-
3 Attachment(s)
Bessler's Wheel
G'day Mates,
This is one project I have ben pursuing and will get back to. It's potential to work can be calculated as torque an work or conservation or angular momentum.
I will be posting more information on this as time goes by. It is based on the work that Johann Bessler left behind.
https://en.wikipedia.org/wiki/Johann_Bessler
I do have a basic buoyancy design I will be working on until I can return this. With Bessler, 6 rpm's is claimed an I think possible.
Jim from up top :-)
an animation;
https://goo.gl/photos/aL55pPihbpFy34U96
it's the pictures on the left and right, the picture in the center needs to be deleted.
-
Okay Jim, You've got my attention...lot of work in any animation.... Cheers, crowie
-
Thanks crowie.
With Bessler's work I think this design helps to show what he knew that has been over looked.

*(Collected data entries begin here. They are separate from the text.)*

(* Let $X$, $Y$ be FK-spaces containing $\phi$ and let $Z=X+Y$ with its inductive-limit FK-topology. Then $E(X)+E(Y)\subseteq E(Z)$ for each of $E=D_p^qS,\ D_p^qW,\ D_p^qF,\ D_p^qB$.
   Context: An FK-space is a vector subspace of the space $w$ of all complex sequences with a complete metrizable locally convex topology in which coordinate functionals are continuous; $X'$ is its continuous dual. If $X$, $Y$ have paranorms $\rho$, $s$, then $Z=X+Y$ is an FK-space with paranorm $\tau(z)=\inf\{\rho(x)+s(y): x\in X, y\in Y, x+y=z\}$. $\delta^j$ has $1$ in position $j$, $0$ elsewhere; $\phi=\operatorname{span}\{\delta^j\}$. $p(n)<q(n)$ are nonnegative integer sequences with $q(n)\to\infty$. For $x\in w$, $x^{(k)}=\sum_{j=1}^kx_j\delta^j$ and $T_n(x)=\frac{1}{q(n)-p(n)}\sum_{k=p(n)+1}^{q(n)}x^{(k)}$. For an FK-space $X\supseteq\phi$: $D_p^qS(X)=\{x\in X: T_n(x)\to x\text{ in }X\}$; $D_p^qW(X)=\{x\in X: f(T_n(x))\to f(x)\ \forall f\in X'\}$; $D_p^qF(X)=\{x\in X:\lim_n f(T_n(x))\text{ exists }\forall f\in X'\}$; $D_p^qB(X)=\{x\in X:\sup_n|f(T_n(x))|<\infty\ \forall f\in X'\}$. *)

theory Defs
  imports "HOL-Analysis.Analysis" "HOL-Library.Function_Algebras"
begin

text \<open>Sequences in w are modelled as nat \<Rightarrow> complex; index 0 is the first coordinate.\<close>

type_synonym seq = "nat \<Rightarrow> complex"

definition smul :: "complex \<Rightarrow> seq \<Rightarrow> seq" where
  "smul c x = (\<lambda>j. c * x j)"

definition unitseq :: "nat \<Rightarrow> seq" where
  "unitseq j = (\<lambda>i. if i = j then 1 else 0)"

definition is_subspace :: "seq set \<Rightarrow> bool" where
  "is_subspace X \<longleftrightarrow> 0 \<in> X \<and> (\<forall>x\<in>X. \<forall>y\<in>X. x + y \<in> X) \<and> (\<forall>c. \<forall>x\<in>X. smul c x \<in> X)"

definition is_paranorm :: "seq set \<Rightarrow> (seq \<Rightarrow> real) \<Rightarrow> bool" where
  "is_paranorm X \<rho> \<longleftrightarrow>
     \<rho> 0 = 0 \<and>
     (\<forall>x\<in>X. \<rho> x \<ge> 0) \<and>
     (\<forall>x\<in>X. \<rho> (- x) = \<rho> x) \<and>
     (\<forall>x\<in>X. \<forall>y\<in>X. \<rho> (x + y) \<le> \<rho> x + \<rho> y) \<and>
     (\<forall>t tt x xs. (\<forall>n. xs n \<in> X) \<longrightarrow> x \<in> X \<longrightarrow> tt \<longlonglongrightarrow> t \<longrightarrow>
         (\<lambda>n. \<rho> (xs n - x)) \<longlonglongrightarrow> 0 \<longrightarrow>
         (\<lambda>n. \<rho> (smul (tt n) (xs n) - smul t x)) \<longlonglongrightarrow> 0)"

I've found a lot of people do not understand how torque is converted into work. A basic example
is if a 1 kg weight 1 meter from it's fulcrum drops 1 m. This work that torque does can lift another
1 kg weight 1 m.
Since this design allows for 2 opposing weights on levers to move 1/2 m closer to center, the work they
require to move to center is 3/4 of the work they perform. This means that 25% of the work that 2
opposing levers do is net force or extra energy.
@All,
The link is to Bessler's Maschinen Tractate (mechanical drawings),
Portal:MT - BesslerWiki
-
James,
where do you study/where have you studied physics?
Cheers
-
Lappa,
I've Studied physics on my own. While thermodynamics states that perpetual motion is impossible, conservation of momentum does not. The difference is that this design is not powered by heat. With conservation of momentum, theoretically the Earth would slow it's rotation an amount equal to the momentum transferred to the wheel.

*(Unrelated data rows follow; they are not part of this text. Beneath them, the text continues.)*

lemma SU11_closing_iff:
  "(\<exists>S \<in> SL2. conjm S P1 \<in> SU11 \<and> conjm S P2 \<in> SU11) \<longleftrightarrow> (h1 = h2 \<and> \<bar>h1\<bar> < 1)"
  using SU11_closing_forces SU11_frame_closing_iff frames_in_SL2(2) by blast

end

theorem mainTheorem3:
  fixes k :: nat and A1 B1 C1 D1 A2 B2 C2 D2 :: complex
  assumes "k \<ge> 1"
    and "A1 * D1 - B1 * C1 = 1"
    and "A2 * D2 - B2 * C2 = 1"
  shows
    "(\<exists>(p::complex) (q::complex) (r1::real) (r2::real) (r3::real) (r4::real).
        Phi1 k A1 B1 C1 D1 = mat2 (of_real r1) p (- cnj p) (of_real r2) \<and>
        Phi2 A2 B2 C2 D2 = mat2 q (\<i> * of_real r3) (\<i> * of_real r4) (cnj q))
     \<and>
     (\<forall>(p::complex) (q::complex) (r1::real) (r2::real) (r3::real) (r4::real).
        Phi1 k A1 B1 C1 D1 = mat2 (of_real r1) p (- cnj p) (of_real r2) \<and>
        Phi2 A2 B2 C2 D2 = mat2 q (\<i> * of_real r3) (\<i> * of_real r4) (cnj q) \<and>
        p \<noteq> 0 \<and> q \<noteq> 0 \<and> r1 \<noteq> r2 \<and> r3 \<noteq> r4 \<longrightarrow>
        (let h1 = 2 * Re p / (r2 - r1); h2 = 2 * Im q / (r4 - r3);
             P1 = Phi1 k A1 B1 C1 D1; P2 = Phi2 A2 B2 C2 D2 in
          ((\<exists>\<alpha> \<beta> :: real. \<alpha>\<^sup>2 - \<beta>\<^sup>2 = 1 \<and>
              conjm (mat2 (of_real \<alpha>) (of_real \<beta>) (of_real \<beta>) (of_real \<alpha>)) P1 \<in> SU2 \<and>
              conjm (mat2 (of_real \<alpha>) (of_real \<beta>) (of_real \<beta>) (of_real \<alpha>)) P2 \<in> SU2)
            \<longleftrightarrow> (h1 = h2 \<and> \<bar>h1\<bar> > 1))
          \<and>
          (\<forall>\<alpha> \<beta> :: real. \<alpha>\<^sup>2 - \<beta>\<^sup>2 = 1 \<and>
              conjm (mat2 (of_real \<alpha>) (of_real \<beta>) (of_real \<beta>) (of_real \<alpha>)) P1 \<in> SU2 \<and>
              conjm (mat2 (of_real \<alpha>) (of_real \<beta>) (of_real \<beta>) (of_real \<alpha>)) P2 \<in> SU2
            \<longrightarrow> (\<alpha>\<^sup>2 + \<beta>\<^sup>2) / (2 * \<alpha> * \<beta>) = h1)
          \<and>
          ((\<exists>\<alpha> \<beta> :: real. - 2 * \<alpha> * \<beta> = 1 \<and>
              conjm (mat2 (of_real \<alpha>) (of_real \<beta>) (of_real \<alpha>) (- of_real \<beta>)) P1 \<in> SU11 \<and>
              conjm (mat2 (of_real \<alpha>) (of_real \<beta>) (of_real \<alpha>) (- of_real \<beta>)) P2 \<in> SU11)
            \<longleftrightarrow> (h1 = h2 \<and> \<bar>h1\<bar> < 1))
          \<and>
          (\<forall>\<alpha> \<beta> :: real. - 2 * \<alpha> * \<beta> = 1 \<and>
              conjm (mat2 (of_real \<alpha>) (of_real \<beta>) (of_real \<alpha>) (- of_real \<beta>)) P1 \<in> SU11 \<and>
              conjm (mat2 (of_real \<alpha>) (of_real \<beta>) (of_real \<alpha>) (- of_real \<beta>)) P2 \<in> SU11
            \<longrightarrow> (\<alpha>\<^sup>2 - \<beta>\<^sup>2) / (\<alpha>\<^sup>2 + \<beta>\<^sup>2) = h1)
          \<and>
          ((\<exists>S \<in> SL2. conjm S P1 \<in> SU2 \<and> conjm S P2 \<in> SU2) \<longleftrightarrow> (h1 = h2 \<and> \<bar>h1\<bar> > 1))
          \<and>
          ((\<exists>S \<in> SL2. conjm S P1 \<in> SU11 \<and> conjm S P2 \<in> SU11) \<longleftrightarrow> (h1 = h2 \<and> \<bar>h1\<bar> < 1))))"
proof -
  have det1: "det (Phi1 k A1 B1 C1 D1) = 1" using det_Phi1 assms(2) .
  have det2: "det (Phi2 A2 B2 C2 D2) = 1" using det_Phi2 assms(3) .
  show ?thesis
  proof (intro conjI allI impI, goal_cases)
    case 1
    show ?case using Phi1_shape[of k A1 B1 C1 D1] Phi2_shape[of A2 B2 C2 D2] by blast
  next
    case (2 p q r1 r2 r3 r4)
    interpret monodromy_data "Phi1 k A1 B1 C1 D1" "Phi2 A2 B2 C2 D2" p q r1 r2 r3 r4
        "2 * Re p / (r2 - r1)" "2 * Im q / (r4 - r3)"
      using 2 det1 det2 by unfold_locales auto
    show ?case
      unfolding Let_def
      using SU2_frame_closing_iff SU2_frame_ratio SU2_closing_iff
        SU11_frame_closing_iff SU11_frame_ratio SU11_closing_iff by blast
  qed
qed

end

With what I have posted, it is basic work calculations. The secret is in how the weights on the 2 opposing levers are
retracted. It is not shown. This is so I can show some of Bessler's work and how it relates to this design.
Jim
-
James,
as you probably know rotational work can be calculated by multiplying torque by angular displacement.

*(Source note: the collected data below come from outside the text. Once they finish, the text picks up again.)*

lemma prob_below_neg_level:
  fixes X :: "'a \<Rightarrow> real"
  assumes [measurable]: "X \<in> borel_measurable M" and "prob {w \<in> space M. X w < 0} > 0"
  obtains e where "0 < e" "prob {w \<in> space M. X w \<le> -e} > 0"
proof -
  define A where "A i = {w \<in> space M. X w \<le> -1 / real (Suc i)}" for i
  have level_mono: "-1 / real (Suc i) \<le> -1 / real (Suc j)" if "i \<le> j" for i j
    using that by (simp add: divide_simps)
  have "A i \<subseteq> A j" if "i \<le> j" for i j
  proof
    fix w assume "w \<in> A i"
    then have "w \<in> space M" "X w \<le> -1 / real (Suc i)" unfolding A_def by blast+
    moreover have "X w \<le> -1 / real (Suc j)" using calculation(2) level_mono[OF that] by linarith
    ultimately show "w \<in> A j" unfolding A_def by blast
  qed
  then have "incseq A" by (rule monoI)
  moreover have "range A \<subseteq> events" unfolding A_def by auto
  ultimately have "(\<lambda>i. prob (A i)) \<longlonglongrightarrow> prob (\<Union>i. A i)"
    by (intro finite_Lim_measure_incseq)
  moreover have "(\<Union>i. A i) = {w \<in> space M. X w < 0}"
  proof (intro equalityI subsetI)
    fix w assume "w \<in> {w \<in> space M. X w < 0}"
    then obtain i where i: "inverse (real (Suc i)) < - X w" and w: "w \<in> space M"
      using reals_Archimedean[of "- X w"] by auto
    from i have "X w \<le> -1 / real (Suc i)" by (simp add: divide_inverse)
    with w show "w \<in> (\<Union>i. A i)" unfolding A_def by blast
  next
    fix w assume "w \<in> (\<Union>i. A i)"
    then obtain i where w: "w \<in> space M" and le: "X w \<le> -1 / real (Suc i)"
      unfolding A_def by blast
    have "-1 / real (Suc i) < 0" by simp
    with le have "X w < 0" by linarith
    with w show "w \<in> {w \<in> space M. X w < 0}" by simp
  qed
  ultimately have "(\<lambda>i. prob (A i)) \<longlonglongrightarrow> prob {w \<in> space M. X w < 0}" by simp
  from order_tendstoD(1)[OF this assms(2)] obtain i where "prob (A i) > 0"
    using eventually_happens'[OF sequentially_bot] by blast
  then show thesis by (intro that[of "1 / real (Suc i)"]) (auto simp: A_def)
qed

lemma indep_prob_below_levels:
  fixes Y :: "nat \<Rightarrow> 'a \<Rightarrow> real"
  assumes "indep_vars (\<lambda>_. borel) Y {1..}"
  shows "prob {w \<in> space M. \<forall>k\<in>{1..m}. Y k w \<le> c k}
           = (\<Prod>k\<in>{1..m}. prob {w \<in> space M. Y k w \<le> c k})"
proof (cases "m = 0")
  case False
  define F where "F i = {Y i -` S \<inter> space M | S. S \<in> sets borel}" for i
  define A where "A k = {w \<in> space M. Y k w \<le> c k}" for k
  have "indep_sets F {1..}"
    using assms unfolding indep_vars_def2 F_def by simp
  then have indep_finite: "\<forall>J\<subseteq>{1..}. J \<noteq> {} \<longrightarrow> finite J \<longrightarrow>
      (\<forall>A\<in>Pi J F. prob (\<Inter>j\<in>J. A j) = (\<Prod>j\<in>J. prob (A j)))"
    unfolding indep_sets_def by (elim conjE)
  have "A \<in> Pi {1..m} F"
  proof (rule Pi_I)
    fix k
    have "A k = Y k -` {..c k} \<inter> space M" unfolding A_def by auto
    moreover have "{..c k} \<in> sets borel" by simp
    ultimately show "A k \<in> F k" unfolding F_def by blast
  qed
  moreover have "{1..m} \<subseteq> {1..}" "{1..m} \<noteq> {}" using False by auto
  ultimately have "prob (\<Inter>k\<in>{1..m}. A k) = (\<Prod>k\<in>{1..m}. prob (A k))"
    using indep_finite by (meson finite_atLeastAtMost)
  moreover have "(\<Inter>k\<in>{1..m}. A k) = {w \<in> space M. \<forall>k\<in>{1..m}. Y k w \<le> c k}"
    using \<open>{1..m} \<noteq> {}\<close> unfolding A_def by blast
  ultimately show ?thesis unfolding A_def by simp
qed (simp add: prob_space)

lemma identically_distributed_prob_le:
  fixes X Z :: "'a \<Rightarrow> real"
  assumes "X \<in> borel_measurable M" "Z \<in> borel_measurable M" "distr M borel X = distr M borel Z"
  shows "prob {w \<in> space M. X w \<le> t} = prob {w \<in> space M. Z w \<le> t}"
  using measure_distr[OF assms(1), of "{..t}"] measure_distr[OF assms(2), of "{..t}"] assms(3)
  by (simp add: vimage_def Int_def conj_commute)

text \<open>Lower bound for barrier events of i.i.d. innovations: by independence the barrier is
  respected with probability \<open>P(Y_1 \<le> -e)^(K-1)\<close> during the first phase and, by the Weierstrass
  product inequality, with probability at least \<open>1/2\<close> afterwards, provided the exceedance
  probabilities \<open>P(Y_1 \<ge> s^k)\<close>, \<open>k \<ge> K\<close>, sum to at most \<open>1/2\<close>.\<close>
lemma iid_barrier_prob_ge:
  fixes Y :: "nat \<Rightarrow> 'a \<Rightarrow> real"
  assumes indep: "indep_vars (\<lambda>_. borel) Y {1..}"
    and ident: "\<And>n. n \<ge> 1 \<Longrightarrow> distr M borel (Y n) = distr M borel (Y 1)"
    and K: "1 \<le> K"
    and small: "\<And>n. (\<Sum>k\<in>{K..n}. prob {w \<in> space M. Y 1 w \<ge> s ^ k}) \<le> 1/2"
  shows "prob {w \<in> space M. Y 1 w \<le> -e} ^ (K - 1) * (1/2)
           \<le> prob {w \<in> space M. \<forall>k\<ge>1. Y k w \<le> barrier e s K k}"
proof -
  have rv[measurable]: "Y k \<in> borel_measurable M" if "1 \<le> k" for k
    using indep that unfolding indep_vars_def2 by auto
  have ident_prob: "prob {w \<in> space M. Y k w \<le> t} = prob {w \<in> space M. Y 1 w \<le> t}"
    if "1 \<le> k" for k t
    using rv[OF that] rv[of 1] ident[OF that] by (intro identically_distributed_prob_le) auto
  define p0 where "p0 = prob {w \<in> space M. Y 1 w \<le> -e}"
  let ?P = "\<lambda>k. prob {w \<in> space M. Y k w \<le> barrier e s K k}"
  let ?B = "\<lambda>m. prob {w \<in> space M. \<forall>k\<in>{1..m}. Y k w \<le> barrier e s K k}"
  have violate: "1 - ?P k \<le> prob {w \<in> space M. Y 1 w \<ge> s ^ k}" if "K \<le> k" for k
  proof -
    have "1 - prob {w \<in> space M. Y 1 w \<le> s ^ k} = prob (space M - {w \<in> space M. Y 1 w \<le> s ^ k})"
      by (rule prob_compl[symmetric]) measurable
    also have "\<dots> \<le> prob {w \<in> space M. Y 1 w \<ge> s ^ k}" by (rule finite_measure_mono) auto
    finally show ?thesis using ident_prob[of k "s ^ k"] that K by (simp add: barrier_def)
  qed
  have "p0 ^ (K - 1) * (1/2) \<le> ?B m" if "K \<le> m" for m
  proof -
    have "(\<Sum>k\<in>{K..m}. 1 - ?P k) \<le> (\<Sum>k\<in>{K..m}. prob {w \<in> space M. Y 1 w \<ge> s ^ k})"
      by (intro sum_mono violate) auto
    then have "1/2 \<le> 1 - (\<Sum>k\<in>{K..m}. 1 - ?P k)" using small[of m] by linarith
    also have "\<dots> \<le> (\<Prod>k\<in>{K..m}. ?P k)" by (rule prod_ge_one_minus_sum) auto
    finally have late: "1/2 \<le> (\<Prod>k\<in>{K..m}. ?P k)" .
    have "?P k = p0" if "k \<in> {1..<K}" for k
      using that ident_prob[of k "-e"] by (simp add: barrier_def p0_def)
    then have early: "(\<Prod>k\<in>{1..<K}. ?P k) = p0 ^ (K - 1)" by simp
    have "p0 ^ (K - 1) * (1/2) \<le> (\<Prod>k\<in>{1..<K}. ?P k) * (\<Prod>k\<in>{K..m}. ?P k)"
      unfolding early using late by (intro mult_left_mono) (auto simp: p0_def)
    also have "\<dots> = (\<Prod>k\<in>{1..m}. ?P k)"
      using that K by (subst prod.union_disjoint[symmetric]) (auto intro: prod.cong)
    also have "\<dots> = ?B m" by (rule indep_prob_below_levels[OF indep, symmetric])
    finally show ?thesis .
  qed
  moreover have "?B \<longlonglongrightarrow> prob {w \<in> space M. \<forall>k\<ge>1. Y k w \<le> barrier e s K k}"
    by (intro prob_forall_ge1_limit) measurable
  ultimately show ?thesis unfolding p0_def by (intro LIMSEQ_le_const) auto
qed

What do you believe the instantaneous torque is for a weight on the circumference of a circle when that weight is at the 3, 4, 5 and 6 o'clock positions?
Regards
SWK
-
SWK,
I have developed a formula for calculating net torque/force. It's ver balance/mass * distance(1) + mass * distance(2) = net force
An example is 1kg * .125 meter/1kg * 1 meter + 1kg * 1.125 meter = NF
9.8 N-m * .125/2kg * 2.125 meter = NF
1.225/9.8 N-m * 2.125
1.225/20.825 = .0588 N-m and if 9.8 * .0588 = 0.576 m/s velocity
With the question you asked, net torque can be multiplied by the radian for 90 °, 120°, 150° and 180°.
At 90° it is .0588 N-m's. 120° is 0.509 N-m's, 150° is .024 N-m's ad 180° is 0 N-m's of torque.
@All,
The 2 links are something to consider. With the Finsrud device, because it uses magnets it is technically a
SMOT device. With the Atmos clock, it uses thermodynamics to work.
Jim
The Finsrud Device (Norway)
https://www.youtube.com/watch?v=FOVz1wDFRDI
The Atmos Clock (Switzerlad)
THE ATMOS CLOCK PAGE
p.s., the reason I calculated net torque at 1/2 of it's actual value is because 2 weights would be accelerating.
-
2 Attachment(s)
That comes from AP Part I, Chapter XLIII. (43) (page 81)...
.
.
Zur Zeit mag noch ein jedes rahten/
Durch was für wunderbahre Thaten
Diß schwehre nach dem Centro kehrt/
Und jenes in die Höhe fährt. &c.
.
.
Here's my translation of that:
.
.
for the time being may everyone still guess,
through what kind of wonderful actions
this turns/returns heavily towards the centre,
and that shoots/pops up. &c.
This was posted by a guy named Stewart. I believe he is describing a trick of motion.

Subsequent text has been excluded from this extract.